Scientific classification
- Kingdom: Plantae
- Clade: Tracheophytes
- Clade: Angiosperms
- Clade: Eudicots
- Clade: Rosids
- Order: Myrtales
- Family: Myrtaceae
- Subfamily: Myrtoideae
- Tribe: Kanieae
- Genus: Mitrantia Peter G.Wilson & B.Hyland
- Species: M. bilocularis
- Binomial name: Mitrantia bilocularis Peter G.Wilson & B.Hyland

= Mitrantia =

- Genus: Mitrantia
- Species: bilocularis
- Authority: Peter G.Wilson & B.Hyland
- Conservation status: CR
- Parent authority: Peter G.Wilson & B.Hyland

Genus of flowering plants

Mitrantia is a genus of flowering plant in family Myrtaceae described in 1988. It contains one known species, Mitrantia bilocularis, a tree which is endemic to a small patch of rainforest in the Daintree National Park north of Mossman in North Queensland .

==Description==
Is a tree which grows to at least 25 metres in height and 80 centimetres in diameter at breast height.
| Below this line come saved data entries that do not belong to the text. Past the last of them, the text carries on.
definition hcat :: "real mat \<Rightarrow> real mat \<Rightarrow> real mat" where
  "hcat A B = mat (dim_row A) (dim_col A + dim_col B)
     (\<lambda>(i,j). if j < dim_col A then A $$ (i,j) else B $$ (i, j - dim_col A))"

definition bdiag :: "real mat \<Rightarrow> real mat \<Rightarrow> real mat" where
  "bdiag A B = four_block_mat A (0\<^sub>m (dim_row A) (dim_col B)) (0\<^sub>m (dim_row B) (dim_col A)) B"

definition W1 :: "real mat" where
  "W1 = mat 1 2 (\<lambda>(i,j). if j = 0 then -1 else 1)"

definition Dmat :: "real mat" where
  "Dmat = - hcat (kron (1\<^sub>m 2) (kron (1\<^sub>m 2) (transpose_mat W1)))
            (hcat (kron (1\<^sub>m 2) (kron (transpose_mat W1) (1\<^sub>m 2)))
                  (kron (transpose_mat W1) (kron (1\<^sub>m 2) (1\<^sub>m 2))))"

definition DV :: "real \<Rightarrow> real \<Rightarrow> real \<Rightarrow> real mat" where
  "DV dx dy dz = (dx * dy * dz / 8) \<cdot>\<^sub>m 1\<^sub>m 8"

definition DV_inv_sqrt :: "real \<Rightarrow> real \<Rightarrow> real \<Rightarrow> real mat" where
  "DV_inv_sqrt dx dy dz = (1 / sqrt (dx * dy * dz / 8)) \<cdot>\<^sub>m 1\<^sub>m 8"

definition DS :: "real \<Rightarrow> real \<Rightarrow> real \<Rightarrow> real mat" where
  "DS dx dy dz = bdiag ((dy * dz / 4) \<cdot>\<^sub>m 1\<^sub>m 4)
                   (bdiag ((dx * dz / 4) \<cdot>\<^sub>m 1\<^sub>m 4) ((dx * dy / 4) \<cdot>\<^sub>m 1\<^sub>m 4))"

definition Dl :: "real \<Rightarrow> real \<Rightarrow> real \<Rightarrow> real mat" where
  "Dl dx dy dz = bdiag (dx \<cdot>\<^sub>m 1\<^sub>m 4) (bdiag (dy \<cdot>\<^sub>m 1\<^sub>m 4) (dz \<cdot>\<^sub>m 1\<^sub>m 4))"

text \<open>Node potentials: U a b c is the potential at local node (a+1,b+1,c+1), i.e. U_{i+a,j+b,k+c};
  the node with (0-based) index a + 2b + 4c is placed at diagonal position a + 2b + 4c.\<close>
definition DU :: "(nat \<Rightarrow> nat \<Rightarrow> nat \<Rightarrow> real) \<Rightarrow> real mat" where
  "DU U = mat 8 8 (\<lambda>(p,q). if p = q then U (p mod 2) ((p div 2) mod 2) (p div 4) else 0)"

definition Hmat :: "real \<Rightarrow> real \<Rightarrow> real \<Rightarrow> real \<Rightarrow> real \<Rightarrow> (nat \<Rightarrow> nat \<Rightarrow> nat \<Rightarrow> real) \<Rightarrow> real mat" where
  "Hmat hbar m dx dy dz U =
     (hbar^2 / (2*m)) \<cdot>\<^sub>m (Dmat * DS dx dy dz * the (mat_inverse (Dl dx dy dz)) * transpose_mat Dmat)
     + DV dx dy dz * DU U"

definition dt_cfl_gen :: "real \<Rightarrow> real \<Rightarrow> real \<Rightarrow> real \<Rightarrow> real \<Rightarrow> (nat \<Rightarrow> nat \<Rightarrow> nat \<Rightarrow> real) \<Rightarrow> real" where
  "dt_cfl_gen hbar m dx dy dz U =
     2 / spectral_radius (map_mat complex_of_real
           ((1 / hbar) \<cdot>\<^sub>m (DV_inv_sqrt dx dy dz * Hmat hbar m dx dy dz U * DV_inv_sqrt dx dy dz)))"

definition dt_cfl :: "real \<Rightarrow> real \<Rightarrow> real \<Rightarrow> real \<Rightarrow> real \<Rightarrow> (nat \<Rightarrow> nat \<Rightarrow> nat \<Rightarrow> real) \<Rightarrow> real" where
  "dt_cfl hbar m dx dy dz U =
     2 / ((2 * hbar / m) * (1 / dx^2 + 1 / dy^2 + 1 / dz^2)
          + (1 / hbar) * Max {\<bar>U a b c\<bar> | a b c. a \<in> {0,1} \<and> b \<in> {0,1} \<and> c \<in> {0,1}})"

end

theory Submission
  imports Defs
begin

text \<open>
  With a = hbar / (m dx^2), b = hbar / (m dy^2), c = hbar / (m dz^2), the matrix
  (1/hbar) D_V^(-1/2) H D_V^(-1/2) equals L + diag(U/hbar), where L is the Laplacian of the cube
  graph on the eight nodes with weight a on the x-edges, b on the y-edges and c on the z-edges.
  Every row of L + diag(U/hbar) has absolute sum |a + b + c + U_p/hbar| + a + b + c, which is at
  most 2(a + b + c) + max |U| / hbar, the denominator of the classical CFL bound; by the row-sum
  bound on eigenvalues this dominates the spectral radius.
  The spectral radius is moreover positive (this matters because 2 / 0 = 0): a complex matrix
  whose eigenvalues all vanish is nilpotent by its Jordan form, and a nonzero real symmetric
  matrix is never nilpotent.
\<close>

lemma pow_mat_add:
  assumes "A \<in> carrier_mat n n"
  shows "A ^\<^sub>m (k + l) = A ^\<^sub>m k * A ^\<^sub>m l"
proof (induct l)
  case 0
  thus ?case using assms by (simp add: right_mult_one_mat[of _ n n])
next
  case (Suc l)
  have "A ^\<^sub>m (k + Suc l) = (A ^\<^sub>m k * A ^\<^sub>m l) * A" using Suc by simp
  also have "\<dots> = A ^\<^sub>m k * (A ^\<^sub>m l * A)"
    using assms by (intro assoc_mult_mat[of _ n n _ n _ n]) auto
  finally show ?case by simp
qed

lemma transpose_pow_mat_symmetric:
  assumes A: "(A :: 'a :: comm_semiring_1 mat) \<in> carrier_mat n n" and sym: "transpose_mat A = A"
  shows "transpose_mat (A ^\<^sub>m k) = A ^\<^sub>m k"
proof (induct k)
  case 0
  thus ?case using A by simp
next
  case (Suc k)
  have "transpose_mat (A ^\<^sub>m Suc k) = A * A ^\<^sub>m k"
    using A Suc sym by (simp add: transpose_mult[of _ n n _ n])
  also have "\<dots> = A ^\<^sub>m Suc k"
    using pow_mat_add[OF A, of 1 k] A by (simp add: left_mult_one_mat)
  finally show ?case .
qed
It has been recorded to flower in March and fruit in September. It can be distinguished by the 2-locular, conical, exserted capsule fruit, which is dry and indehiscent, as well as the ovoid seeds. It is monoecious.

It can only be found in a timber reserve, in and around Whyanbeel at elevations of approximately 100 to 250 metres.

==Conservation status==
It has been assessed as Critically Endangered by the Queensland Government under the Nature Conservation Act 1992.